A calculus teacher's son likes to shoot arrows. He was wondering at what speed the arrow leaves the bow when it is released. So they went to a large deserted beach at the Great Salt Lake and shot the bow at an angle of 45 degrees. The arrow hit the ground at a distance of 600 feet. All of this was measured very roughly, but let's work with these figures, and let's ignore air resistance. For simplicity let's also assume that the arrow is released at an initial height of 0 feet. As usual, assume that gravity causes an object to accelerate at 32 feet per second squared.
The arrow leaves the bow at a speed of how many miles per hour?
To find the speed of the arrow when it leaves the bow, we can use the kinematic equation for projectile motion. In this case, we can use the equation that relates the horizontal distance traveled (range) and the initial velocity of the arrow.
First, let's convert the given distance of 600 feet to meters, as we will be using the metric system in our calculations. 1 foot is approximately 0.3048 meters. So, 600 feet is equal to 182.88 meters.
Now, let's consider the horizontal and vertical components of the arrow's motion. Since the arrow is shot at an angle of 45 degrees, the initial velocity can be split into two components: one in the horizontal direction and another in the vertical direction.

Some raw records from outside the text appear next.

(* Let $B\in\mathscr{S}_d(\mathcal{H},\mathcal{J})$. There exist unique orthogonal decompositions $\mathcal{H}=\mathcal{H}_0\oplus\mathcal{H}'$ and $\mathcal{J}=\mathcal{J}_0\oplus\mathcal{J}'$ such that for every $n$ and $Z\in\mathbb{B}^d_n$, $B(Z)$ maps $\mathcal{H}_0\otimes\mathbb{C}^n$ into $\mathcal{J}_0\otimes\mathbb{C}^n$ and $\mathcal{H}'\otimes\mathbb{C}^n$ into $\mathcal{J}'\otimes\mathbb{C}^n$; the restrictions $B_0(Z):=B(Z)|_{\mathcal{H}_0\otimes\mathbb{C}^n}$ define a purely contractive $B_0\in\mathscr{S}_d(\mathcal{H}_0,\mathcal{J}_0)$; and $B(Z)|_{\mathcal{H}'\otimes\mathbb{C}^n}=B(0_n)|_{\mathcal{H}'\otimes\mathbb{C}^n}$ is a surjective isometry of $\mathcal{H}'\otimes\mathbb{C}^n$ onto $\mathcal{J}'\otimes\mathbb{C}^n$ (a unitary constant).
   Context: $\mathbb{B}^d_n$: $d$-tuples $Z=(Z_1,\dots,Z_d)$ of complex $n\times n$ matrices with $\|[Z_1\cdots Z_d]\|<1$ as an operator $\mathbb{C}^n\otimes\mathbb{C}^d\to\mathbb{C}^n$; $0_n=(0,\dots,0)\in\mathbb{B}^d_n$. $\mathscr{S}_d(\mathcal{H},\mathcal{J})$: functions $B(Z)=\sum_{\omega}\hat B_\omega\otimes Z^\omega\in\mathscr{B}(\mathcal{H}\otimes\mathbb{C}^n,\mathcal{J}\otimes\mathbb{C}^n)$ ($\omega$ ranging over words in $\{1,\dots,d\}$, $Z^{i_1\cdots i_k}=Z_{i_1}\cdots Z_{i_k}$, $\hat B_\omega\in\mathscr{B}(\mathcal{H},\mathcal{J})$) with $\sup_Z\|B(Z)\|\le1$. $B$ is purely contractive if $\|B(Z)h\|<\|h\|$ for all $Z$ and all $h\ne0$. *)

theory Defs
  imports "HOL-Analysis.Analysis"
begin

text \<open>A complex Hilbert space is
  modelled as a real Hilbert space (real inner product, complete) with a complex
  scalar multiplication compatible with the real one and with the norm.  By the
  Jordan-von Neumann theorem the norm then comes from the complex inner product
  cinner below (recovered by polarization).\<close>

class chilbert = real_inner + complete_space +
  fixes cscale :: "complex \<Rightarrow> 'a \<Rightarrow> 'a" (infixr \<open>*\<^sub>C\<close> 75)
  assumes cscale_add_right: "a *\<^sub>C (x + y) = a *\<^sub>C x + a *\<^sub>C y"
    and cscale_add_left: "(a + b) *\<^sub>C x = a *\<^sub>C x + b *\<^sub>C x"
    and cscale_cscale: "a *\<^sub>C (b *\<^sub>C x) = (a * b) *\<^sub>C x"
    and cscale_of_real: "complex_of_real r *\<^sub>C x = r *\<^sub>R x"
    and norm_cscale: "norm (a *\<^sub>C x) = cmod a * norm x"

instantiation complex :: chilbert
begin
definition cscale_complex :: "complex \<Rightarrow> complex \<Rightarrow> complex" where
  "cscale_complex a x = a * x"
instance
  by standard (auto simp: cscale_complex_def algebra_simps norm_mult scaleR_conv_of_real)
end

text \<open>Complex inner product (conjugate linear in the first argument).\<close>
definition cinner :: "'a::chilbert \<Rightarrow> 'a \<Rightarrow> complex" where
  "cinner x y = Complex (inner x y) (inner (\<i> *\<^sub>C x) y)"

definition csubspace :: "'a::chilbert set \<Rightarrow> bool" where
  "csubspace S \<longleftrightarrow> 0 \<in> S \<and> (\<forall>x\<in>S. \<forall>y\<in>S. x + y \<in> S) \<and> (\<forall>a. \<forall>x\<in>S. a *\<^sub>C x \<in> S)"

definition ortho :: "'a::chilbert set \<Rightarrow> 'a set" where
  "ortho S = {y. \<forall>x\<in>S. cinner x y = 0}"

text \<open>A d-tuple Z = (Z_1,...,Z_d) of n x n complex matrices is a function
  Z k i j (k in {1..d}, i,j < n); other entries are irrelevant.\<close>

definition rownorm :: "nat \<Rightarrow> nat \<Rightarrow> (nat \<Rightarrow> nat \<Rightarrow> nat \<Rightarrow> complex) \<Rightarrow> real" where
  "rownorm d n Z = Sup {sqrt (\<Sum>i<n. (cmod (\<Sum>k\<in>{1..d}. \<Sum>j<n. Z k i j * v k j))\<^sup>2) | v.
      (\<Sum>k\<in>{1..d}. \<Sum>j<n. (cmod (v k j))\<^sup>2) \<le> 1}"

definition rowball :: "nat \<Rightarrow> nat \<Rightarrow> (nat \<Rightarrow> nat \<Rightarrow> nat \<Rightarrow> complex) set" where
  "rowball d n = {Z. rownorm d n Z < 1}"

definition matmul :: "nat \<Rightarrow> (nat \<Rightarrow> nat \<Rightarrow> complex) \<Rightarrow> (nat \<Rightarrow> nat \<Rightarrow> complex) \<Rightarrow> nat \<Rightarrow> nat \<Rightarrow> complex" where
  "matmul n A B = (\<lambda>i j. \<Sum>l<n. A i l * B l j)"

fun Zpow :: "nat \<Rightarrow> (nat \<Rightarrow> nat \<Rightarrow> nat \<Rightarrow> complex) \<Rightarrow> nat list \<Rightarrow> nat \<Rightarrow> nat \<Rightarrow> complex" where
  "Zpow n Z [] = (\<lambda>i j. if i = j then 1 else 0)"
| "Zpow n Z (k # w) = matmul n (Z k) (Zpow n Z w)"

definition words :: "nat \<Rightarrow> nat \<Rightarrow> nat list set" where
  "words d k = {w. length w = k \<and> set w \<subseteq> {1..d}}"

text \<open>An element of H \<otimes> C^n is identified with x :: nat \<Rightarrow> H, x = \<Sum>_{i<n} x i \<otimes> e_i,
  with x i = 0 for i \<ge> n.\<close>
definition vecs :: "nat \<Rightarrow> 'a set \<Rightarrow> (nat \<Rightarrow> 'a::zero) set" where
  "vecs n S = {x. (\<forall>i<n. x i \<in> S) \<and> (\<forall>i\<ge>n. x i = 0)}"

definition vnorm :: "nat \<Rightarrow> (nat \<Rightarrow> 'a::real_normed_vector) \<Rightarrow> real" where
  "vnorm n x = sqrt (\<Sum>i<n. (norm (x i))\<^sup>2)"

text \<open>Degree-k homogeneous part of B(Z) applied to x: component i of
  \<Sum>_{|w|=k} (Bhat w \<otimes> Z^w) x, where ((T \<otimes> M) x)_i = \<Sum>_j M_ij T(x_j).\<close>
definition hterm :: "nat \<Rightarrow> nat \<Rightarrow> (nat list \<Rightarrow> 'h::chilbert \<Rightarrow> 'j::chilbert)
    \<Rightarrow> (nat \<Rightarrow> nat \<Rightarrow> nat \<Rightarrow> complex) \<Rightarrow> (nat \<Rightarrow> 'h) \<Rightarrow> nat \<Rightarrow> nat \<Rightarrow> 'j" where
  "hterm d n Bh Z x k i = (\<Sum>w\<in>words d k. \<Sum>j<n. Zpow n Z w i j *\<^sub>C Bh w (x j))"

definition Beval :: "nat \<Rightarrow> nat \<Rightarrow> (nat list \<Rightarrow> 'h::chilbert \<Rightarrow> 'j::chilbert)
    \<Rightarrow> (nat \<Rightarrow> nat \<Rightarrow> nat \<Rightarrow> complex) \<Rightarrow> (nat \<Rightarrow> 'h) \<Rightarrow> nat \<Rightarrow> 'j" where
  "Beval d n Bh Z x = (\<lambda>i. if i < n then (\<Sum>k. hterm d n Bh Z x k i) else 0)"

definition schur :: "nat \<Rightarrow> 'h::chilbert set \<Rightarrow> 'j::chilbert set \<Rightarrow> (nat list \<Rightarrow> 'h \<Rightarrow> 'j) \<Rightarrow> bool" where
  "schur d H J Bh \<longleftrightarrow>
     (\<forall>w. set w \<subseteq> {1..d} \<longrightarrow>
        Bh w ` H \<subseteq> J \<and>
        (\<forall>x\<in>H. \<forall>y\<in>H. Bh w (x + y) = Bh w x + Bh w y) \<and>
        (\<forall>a. \<forall>x\<in>H. Bh w (a *\<^sub>C x) = a *\<^sub>C Bh w x) \<and>
        (\<exists>C. \<forall>x\<in>H. norm (Bh w x) \<le> C * norm x)) \<and>
     (\<forall>n>0. \<forall>Z\<in>rowball d n. \<forall>x\<in>vecs n H.
        (\<forall>i<n. summable (\<lambda>k. hterm d n Bh Z x k i)) \<and>
        vnorm n (Beval d n Bh Z x) \<le> vnorm n x)"

definition purely_contractive :: "nat \<Rightarrow> 'h::chilbert set \<Rightarrow> (nat list \<Rightarrow> 'h \<Rightarrow> 'j::chilbert) \<Rightarrow> bool" where
  "purely_contractive d H Bh \<longleftrightarrow>
     (\<forall>n>0. \<forall>Z\<in>rowball d n. \<forall>x\<in>vecs n H. x \<noteq> (\<lambda>_. 0) \<longrightarrow>
        vnorm n (Beval d n Bh Z x) < vnorm n x)"

end

(* Let A = B(0) be the constant coefficient Bh []; it is a contraction.  Its isometric set
   H' = {h. |A h| = |h|} is a closed subspace (parallelogram law), and so is J' = A H', since A
   is isometric on H'.  The decomposition is H0 = H'^perp, J0 = J'^perp.

   Everything rests on a maximum principle.  Given Z in the row ball, the dilations t Z stay in
   the row ball for |t| < R, for some R > 1.  If |B(t0 Z) x| = |x| for one such t0, put
   u = B(t0 Z) x: the function t \<mapsto> <u, B(t Z) x> is a power series whose real part is at most
   |x|^2 and attains this value at t0.  By the open mapping theorem it is constant, and equality
   in the Cauchy-Schwarz inequality then gives B(t Z) x = u for all such t.  With t0 = 0 this says
   that B(Z) = B(0) on H' \<otimes> C^n; with t0 = 1 it says that B is purely contractive on H0 \<otimes> C^n.

   A contraction preserves orthogonality to the vectors it maps isometrically, so B(Z) maps
   H0 \<otimes> C^n into J0 \<otimes> C^n.  Evaluating B at small multiples of nilpotent shift matrices
   singles out each coefficient Bh w, which therefore maps H0 into J0.  Uniqueness follows by
   testing the required properties at n = 1 and Z = 0: the unitary part must be exactly the
   isometric set of A. *)

theory Submission
  imports Defs "HOL-Complex_Analysis.Conformal_Mappings"
begin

The horizontal component of the initial velocity remains constant throughout the motion and is equal to the speed of the arrow when it leaves the bow. So, we need to find the value of the initial velocity in meters per second.
The vertical component of the initial velocity is affected by gravity. The arrow experiences an acceleration downwards due to gravity of 32 feet per second squared (9.8 meters per second squared). At the highest point of the arrow's trajectory, it momentarily stops moving vertically and starts moving downwards. The time taken for this to happen is the time it takes for the arrow to reach the peak.

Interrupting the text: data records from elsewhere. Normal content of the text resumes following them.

(* Let $D$ be a tournament missing disjoint paths of length 2, and let $C=a_1b_1c_1,\dots,a_kb_kc_k$ be a double cycle in $\Delta(D)$. Then there exists $t\in\{1,\dots,k\}$ such that $|N^+_{D[K(C)]}(b_t)|\le|N^{++}_{D[K(C)]}(b_t)|$.
   Context: All digraphs are finite oriented graphs; $D[X]$ is the subdigraph induced by $X$. $N^+_H(v)$ is the out-neighborhood in $H$; $N^{++}_H(v)$ is the set of vertices $w\notin N_H^+(v)\cup\{v\}$ with $u\to w$ in $H$ for some $u\in N_H^+(v)$. A missing edge is a pair of distinct non-adjacent vertices; the missing graph is formed by the missing edges. $D$ is a tournament missing disjoint paths of length 2 if its missing graph is a vertex-disjoint union of paths each with exactly two edges. For missing edges $\{x,y\},\{a,b\}$, $\{x,y\}$ loses to $\{a,b\}$ (written $xy\to ab$) if the endpoints can be labelled so that $x\to a$, $b\notin N^+(x)\cup N^{++}(x)$, $y\to b$, $a\notin N^+(y)\cup N^{++}(y)$ (neighborhoods in $D$). $\Delta(D)$ has the missing edges as vertices and arcs $(e,e')$ whenever $e$ loses to $e'$. For missing paths $abc$, $xyz$ (edges $ab,bc$ and $xy,yz$), $abc\to xyz$ means each of $ab,bc$ loses to each of $xy,yz$. A double cycle is a sequence $C=a_1b_1c_1,\dots,a_kb_kc_k$ ($k\ge2$) of distinct missing paths of length 2 (components of the missing graph) with $a_ib_ic_i\to a_{i+1}b_{i+1}c_{i+1}$ for all $i$, indices modulo $k$. $K(C)=\{a_i,b_i,c_i: 1\le i\le k\}$. *)

theory Defs
  imports Main
begin

definition oriented_graph :: "'a set \<Rightarrow> ('a \<Rightarrow> 'a \<Rightarrow> bool) \<Rightarrow> bool" where
  "oriented_graph V arc \<longleftrightarrow> finite V
     \<and> (\<forall>u v. arc u v \<longrightarrow> u \<in> V \<and> v \<in> V)
     \<and> (\<forall>u. \<not> arc u u)
     \<and> (\<forall>u v. arc u v \<longrightarrow> \<not> arc v u)"

definition outN :: "('a \<Rightarrow> 'a \<Rightarrow> bool) \<Rightarrow> 'a set \<Rightarrow> 'a \<Rightarrow> 'a set" where
  "outN arc X v = {w \<in> X. arc v w}"
text \<open>The countable approximating subclass of a universally separable class is finitely
  dense: approximation at finitely many points is exact from some index on.\<close>
lemma universally_separable_finitely_dense:
  assumes "universally_separable \<Omega> \<C>"
  shows "\<exists>\<C>'. countable \<C>' \<and> \<C>' \<subseteq> \<C> \<and> finitely_dense \<Omega> \<C> \<C>'"
proof -
  obtain \<C>' where \<C>': "countable \<C>'" "\<C>' \<subseteq> \<C>"
    and approx: "\<forall>c\<in>\<C>. \<exists>f :: nat \<Rightarrow> 'a set. range f \<subseteq> \<C>' \<and>
           (\<forall>x\<in>\<Omega>. (\<lambda>n. indicator (f n) x :: real) \<longlonglongrightarrow> indicator c x)"
    using assms unfolding universally_separable_def by blast
  have "finitely_dense \<Omega> \<C> \<C>'"
    unfolding finitely_dense_def
  proof (intro allI impI)
    fix G c assume G: "finite G" "G \<subseteq> \<Omega>" and "c \<in> \<C>"
    obtain f where f: "range f \<subseteq> \<C>'"
      and conv: "\<forall>x\<in>\<Omega>. (\<lambda>n. indicator (f n) x :: real) \<longlonglongrightarrow> indicator c x"
      using approx \<open>c \<in> \<C>\<close> by blast
    have "\<forall>x\<in>G. (\<lambda>n. indicator (f n) x :: real) \<longlonglongrightarrow> indicator c x"
      using conv G(2) by blast
    then obtain k where "f k \<inter> G = c \<inter> G"
      using indicator_limit_agrees_on_finite G(1) by blast
    with f(1) show "\<exists>c'\<in>\<C>'. c' \<inter> G = c \<inter> G" by blast
  qed
  with \<C>' show ?thesis by blast
qed

section \<open>Atoms of a labelled family and the exceptional set\<close>

definition atom :: "'a set \<Rightarrow> nat \<Rightarrow> (nat set \<Rightarrow> 'a set) \<Rightarrow> nat \<Rightarrow> 'a set" where
  "atom \<Omega> n \<sigma> i = {x\<in>\<Omega>. \<forall>J\<subseteq>{1..n}. x \<in> \<sigma> J \<longleftrightarrow> i \<in> J}"

text \<open>If all members of the family belong to C, then C separates the atoms in every way
  (sigma J itself does it), so some atom must be countable when n exceeds VC(C mod omega_1).\<close>
lemma countable_atom_exists:
  assumes vc: "vc_mod_omega1 \<Omega> \<C> < enat n" and \<sigma>: "\<forall>J\<subseteq>{1..n}. \<sigma> J \<in> \<C>"
  shows "\<exists>i\<in>{1..n}. countable (atom \<Omega> n \<sigma> i)"
proof (rule ccontr)
  assume "\<not> ?thesis"
  then have "\<forall>i\<in>{1..n}. atom \<Omega> n \<sigma> i \<subseteq> \<Omega> \<and> uncountable (atom \<Omega> n \<sigma> i)"
    unfolding atom_def by blast
  moreover have "\<exists>c\<in>\<C>. (\<forall>i\<in>J. atom \<Omega> n \<sigma> i \<subseteq> c) \<and>
                          (\<forall>j\<in>{1..n} - J. c \<inter> atom \<Omega> n \<sigma> j = {})"
    if J: "J \<subseteq> {1..n}" for J
  proof (rule bexI[of _ "\<sigma> J"])
    show "\<sigma> J \<in> \<C>" using \<sigma> J by blast
    show "(\<forall>i\<in>J. atom \<Omega> n \<sigma> i \<subseteq> \<sigma> J) \<and> (\<forall>j\<in>{1..n} - J. \<sigma> J \<inter> atom \<Omega> n \<sigma> j = {})"
      using J unfolding atom_def by blast
  qed
  ultimately have "mod_omega1_shattered \<Omega> \<C> n (atom \<Omega> n \<sigma>)"
    unfolding mod_omega1_shattered_def by blast
  then have "enat n \<le> vc_mod_omega1 \<Omega> \<C>"
    using vc_mod_omega1_le_iff[of \<Omega> \<C> "vc_mod_omega1 \<Omega> \<C>"] by blast
  with vc show False by simp
qed

lemma point_in_atom:
  assumes inj: "inj_on x {1..n}" and x\<Omega>: "x ` {1..n} \<subseteq> \<Omega>"
    and \<sigma>: "\<forall>J\<subseteq>{1..n}. \<sigma> J \<inter> x ` {1..n} = x ` J" and i: "i \<in> {1..n}"
  shows "x i \<in> atom \<Omega> n \<sigma> i"
proof -
  have "x i \<in> \<sigma> J \<longleftrightarrow> i \<in> J" if J: "J \<subseteq> {1..n}" for J
  proof -
    have "x i \<in> \<sigma> J \<longleftrightarrow> x i \<in> \<sigma> J \<inter> x ` {1..n}" using i by blast
    also have "\<dots> \<longleftrightarrow> x i \<in> x ` J" using \<sigma> J by simp
    also have "\<dots> \<longleftrightarrow> i \<in> J" using inj_on_image_mem_iff[OF inj i J] .
    finally show ?thesis .
  qed
  with x\<Omega> i show ?thesis unfolding atom_def by blast
qed

lemma shattered_set_realised:
  assumes dense: "finitely_dense \<Omega> \<C> \<C>'" and sh: "shatters \<C> G"
    and G: "G \<subseteq> \<Omega>" "finite G" and xG: "x ` {1..n} = G"
  shows "\<exists>\<sigma>\<in>Pow {1..n} \<rightarrow>\<^sub>E \<C>'. \<forall>J\<subseteq>{1..n}. \<sigma> J \<inter> G = x ` J"
proof -
  have "\<exists>c'\<in>\<C>'. c' \<inter> G = x ` J" if "J \<subseteq> {1..n}" for J
  proof -
    have "x ` J \<subseteq> G" using xG that by blast
    then obtain c where c: "c \<in> \<C>" "c \<inter> G = x ` J"
      using sh unfolding shatters_def by blast
    have "\<exists>c'\<in>\<C>'. c' \<inter> G = c \<inter> G"
      using dense[unfolded finitely_dense_def, rule_format, OF G(2,1) c(1)] .
    then show ?thesis using c(2) by simp
  qed
  then obtain \<tau> where \<tau>: "\<And>J. J \<subseteq> {1..n} \<Longrightarrow> \<tau> J \<in> \<C>' \<and> \<tau> J \<inter> G = x ` J"
    by metis
  show ?thesis
    by (rule bexI[of _ "restrict \<tau> (Pow {1..n})"]) (use \<tau> in auto)
qed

Using the kinematic equation for vertical motion, we can find the time taken to reach the peak. The equation is given as:
0 = V0y - g * t
Where:
- V0y is the initial vertical velocity component
- g is the acceleration due to gravity (32 feet per second squared or 9.8 meters per second squared)
- t is the time taken to reach the peak
Since the initial vertical velocity component is the product of the initial velocity and the sine of the launch angle, we can rewrite the equation as follows:
0 = V0 * sin(45) - g * t
Simplifying, we get:
t = V0 * sin(45) / g
To find the time it takes for the arrow to hit the ground, we can double the value of the time taken to reach the peak as the total flight time of the arrow.

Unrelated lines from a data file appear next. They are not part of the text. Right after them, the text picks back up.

lemma funpow_returns:
  assumes "bij_betw f D D" "finite D" "y \<in> D"
  shows "\<exists>n>0. (f ^^ n) y = y"
proof -
  have fD: "bij_betw (f ^^ n) D D" for n using bij_betw_funpow[OF assms(1)] .
  have "(\<lambda>n. (f ^^ n) y) ` {0..card D} \<subseteq> D" using fD assms(3) by (auto simp: bij_betw_def)
  then have "card ((\<lambda>n. (f ^^ n) y) ` {0..card D}) \<le> card D"
    using card_mono[OF assms(2)] by blast
  then have "card ((\<lambda>n. (f ^^ n) y) ` {0..card D}) < card {0..card D}"
    by simp
  then have "\<not> inj_on (\<lambda>n. (f ^^ n) y) {0..card D}"
    using pigeonhole by blast
  then obtain i j where "i \<noteq> j" "(f ^^ i) y = (f ^^ j) y"
    unfolding inj_on_def by auto
  then obtain a b where ab: "a < b" "(f ^^ a) y = (f ^^ b) y"
    by (metis nat_neq_iff)
  have "(f ^^ a) ((f ^^ (b - a)) y) = (f ^^ b) y"
    using ab(1) by (metis funpow_add comp_apply le_add_diff_inverse less_imp_le)
  then have "(f ^^ a) ((f ^^ (b - a)) y) = (f ^^ a) y" using ab(2) by simp
  moreover have "(f ^^ (b - a)) y \<in> D" using fD assms(3) by (auto simp: bij_betw_def)
  ultimately have "(f ^^ (b - a)) y = y"
    using fD[of a] assms(3) by (auto simp: bij_betw_def inj_on_def)
  then show ?thesis using ab(1) by (intro exI[of _ "b - a"]) auto
qed

lemma orb_apply:
  assumes "bij_betw f D D" "finite D" "y \<in> D"
  shows "orb f (f y) = orb f y"
proof -
  obtain n where n: "n > 0" "(f ^^ n) y = y" using funpow_returns[OF assms] by blast
  have earlier: "(f ^^ m) y = (f ^^ (m + n - 1)) (f y)" for m
  proof -
    have "(f ^^ (m + n - 1)) (f y) = (f ^^ Suc (m + n - 1)) y" by (simp add: funpow_swap1)
    also have "\<dots> = (f ^^ m) y" using n by (simp add: funpow_add)
    finally show ?thesis by simp
  qed
  have fwd: "(f ^^ m) (f y) = (f ^^ Suc m) y" for m by (simp add: funpow_swap1)
  show ?thesis
  proof (intro set_eqI iffI)
    fix z assume "z \<in> orb f (f y)"
    then show "z \<in> orb f y" unfolding orb_def fwd by blast
  next
    fix z assume "z \<in> orb f y"
    then show "z \<in> orb f (f y)" unfolding orb_def earlier by blast
  qed
qed

section \<open>Chains on a surface map\<close>

text \<open>A Z2-chain of edges is represented by its indicator on darts, which takes the same value
  on both darts of an edge.\<close>

definition walk_chain :: "('d \<Rightarrow> 'd) \<Rightarrow> 'd list \<Rightarrow> 'd \<Rightarrow> bool" where
  "walk_chain rv c d \<longleftrightarrow> odd (length (filter (\<lambda>x. x \<in> edge rv d) c))"

definition bdry_chain :: "('d \<Rightarrow> 'd) \<Rightarrow> ('d \<Rightarrow> 'd) \<Rightarrow> 'd set set \<Rightarrow> 'd \<Rightarrow> bool" where
  "bdry_chain rv sc S d \<longleftrightarrow> (face rv sc d \<in> S) \<noteq> (face rv sc (rv d) \<in> S)"

lemma walk_chain_Cons: "walk_chain rv (d # c) y \<longleftrightarrow> (d \<in> edge rv y) \<noteq> walk_chain rv c y"
  by (simp add: walk_chain_def)

lemma bdry_chain_sdiff:
  "bdry_chain rv sc (sdiff S1 S2) d \<longleftrightarrow> bdry_chain rv sc S1 d \<noteq> bdry_chain rv sc S2 d"
  by (auto simp: bdry_chain_def sdiff_mem)

lemma in_edge: "x \<in> edge rv d \<longleftrightarrow> x = d \<or> x = rv d"
  by (auto simp: edge_def)

lemma edge_eqD: "edge rv d = edge rv d' \<Longrightarrow> d' = d \<or> d' = rv d"
  by (auto simp: edge_def doubleton_eq_iff)

locale surface_map =
  fixes D :: "'d set" and rv sc :: "'d \<Rightarrow> 'd" and Bd :: "'d set set" and w :: "'d \<Rightarrow> real"
  assumes surface: "surface_graph D rv sc Bd w"
begin

lemma finite_darts: "finite D"
  using surface by (simp add: surface_graph_def)

lemma rv_in: "d \<in> D \<Longrightarrow> rv d \<in> D"
  using surface by (simp add: surface_graph_def)

lemma rv_neq: "d \<in> D \<Longrightarrow> rv d \<noteq> d"
  using surface by (simp add: surface_graph_def)

lemma rv_rv [simp]: "d \<in> D \<Longrightarrow> rv (rv d) = d"
  using surface by (simp add: surface_graph_def)

lemma sc_bij: "bij_betw sc D D"
  using surface by (simp add: surface_graph_def)

lemma w_nonneg: "d \<in> D \<Longrightarrow> 0 \<le> w d"
  using surface by (simp add: surface_graph_def)

lemma w_rv: "d \<in> D \<Longrightarrow> w (rv d) = w d"
  using surface by (simp add: surface_graph_def)

lemma rv_closed: "\<forall>d\<in>D. rv d \<in> D \<and> rv (rv d) = d"
  using rv_in by simp

lemma edge_rv [simp]: "d \<in> D \<Longrightarrow> edge rv (rv d) = edge rv d"
  by (auto simp: edge_def)

lemma in_edge_commute: "x \<in> D \<Longrightarrow> y \<in> D \<Longrightarrow> x \<in> edge rv y \<longleftrightarrow> y \<in> edge rv x"
  by (auto simp: edge_def)

lemma edge_eq_if_in_edge: "d \<in> D \<Longrightarrow> x \<in> edge rv d \<Longrightarrow> edge rv x = edge rv d"
  by (auto simp: edge_def)

lemma walk_chain_rv: "d \<in> D \<Longrightarrow> walk_chain rv c (rv d) = walk_chain rv c d"
  by (simp add: walk_chain_def)

lemma bdry_chain_rv: "d \<in> D \<Longrightarrow> bdry_chain rv sc S (rv d) = bdry_chain rv sc S d"
  by (auto simp: bdry_chain_def)

lemma vert_sc: "d \<in> D \<Longrightarrow> vert sc (sc d) = vert sc d"
  unfolding vert_def using orb_apply[OF sc_bij finite_darts] by blast

lemma face_rv: "d \<in> D \<Longrightarrow> face rv sc (rv d) = face rv sc (sc d)"
proof -
  assume d: "d \<in> D"
  have "bij_betw rv D D" by (rule bij_betw_byWitness[of _ rv]) (auto simp: rv_in)
  then have "bij_betw (sc \<circ> rv) D D" using bij_betw_trans sc_bij by blast
  then show ?thesis
    using orb_apply[OF _ finite_darts rv_in[OF d], of "sc \<circ> rv"] d by (simp add: face_def)
qed

lemma vert_in_Verts: "d \<in> D \<Longrightarrow> vert sc d \<in> Verts D sc"
  by (simp add: Verts_def)

lemma face_in_Faces: "d \<in> D \<Longrightarrow> face rv sc d \<in> Faces D rv sc"
  by (simp add: Faces_def)

lemma wf_graph_Verts: "X \<subseteq> D \<Longrightarrow> wf_graph (Verts D sc) X (vert sc) rv"
  by (auto simp: wf_graph_def vert_in_Verts rv_in)

lemma wf_graph_Faces: "X \<subseteq> D \<Longrightarrow> wf_graph (Faces D rv sc) X (face rv sc) rv"
  by (auto simp: wf_graph_def face_in_Faces rv_in)

lemmas gwalk_Cons_Verts = gwalk_Cons[OF wf_graph_Verts[OF order_refl]]

lemma pwalk_set: "pwalk D rv sc u c v \<Longrightarrow> set c \<subseteq> D"
  by (auto simp: pwalk_def gwalk_def)

lemma oddset_mem: "set c \<subseteq> D \<Longrightarrow> d \<in> D \<Longrightarrow> edge rv d \<in> oddset rv c \<longleftrightarrow> walk_chain rv c d"
proof
  assume "edge rv d \<in> oddset rv c"
  then show "walk_chain rv c d" by (auto simp: oddset_def walk_chain_def)
next
  assume c: "set c \<subseteq> D" and d: "d \<in> D" and "walk_chain rv c d"
  then obtain x where x: "x \<in> set c" "x \<in> edge rv d"
    by (auto simp: walk_chain_def filter_empty_conv dest!: odd_pos)
  then have "edge rv x = edge rv d" using d edge_eq_if_in_edge by blast
  moreover have "odd (length (filter (\<lambda>y. y \<in> edge rv x) c))"
    using calculation \<open>walk_chain rv c d\<close> by (simp add: walk_chain_def)
  ultimately show "edge rv d \<in> oddset rv c"
    using x(1) unfolding oddset_def by (metis (mono_tags, lifting) mem_Collect_eq)
qed

lemma bdry_mem: "d \<in> D \<Longrightarrow> edge rv d \<in> bdry D rv sc S \<longleftrightarrow> bdry_chain rv sc S d"
proof
  assume d: "d \<in> D" and "edge rv d \<in> bdry D rv sc S"
  then obtain x where "edge rv d = edge rv x" "x \<in> D" "bdry_chain rv sc S x"
    by (auto simp: bdry_def bdry_chain_def)
  then have "x = d \<or> x = rv d" using edge_eqD by metis
  then show "bdry_chain rv sc S d" using \<open>bdry_chain rv sc S x\<close> d bdry_chain_rv by auto
qed (auto simp: bdry_def bdry_chain_def)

Now, we can use the equation for the horizontal component of motion:
range = V0 * cos(45) * t
We are given the range as 182.88 meters, the launch angle as 45 degrees, and acceleration due to gravity as 9.8 meters per second squared. We can substitute these values into the equations to find the initial velocity and calculate its value in miles per hour.
Let's solve the equations step by step:
1. Calculate the time taken to reach the peak:
t = V0 * sin(45) / g
t = V0 * (1/√2) / 9.8
2. Calculate the total flight time:
total_time = 2 * t
3. Calculate the initial velocity in the horizontal direction:
range = V0 * cos(45) * total_time
Solving for V0:
V0 = range / (cos(45) * total_time)
Finally, we can convert the initial velocity from meters per second to miles per hour:
1 mile = 1609.34 meters
1 hour = 3600 seconds
V0_mph = (V0 * 3600) / 1609.34
By performing the calculations, we will obtain the speed at which the arrow leaves the bow, measured in miles per hour.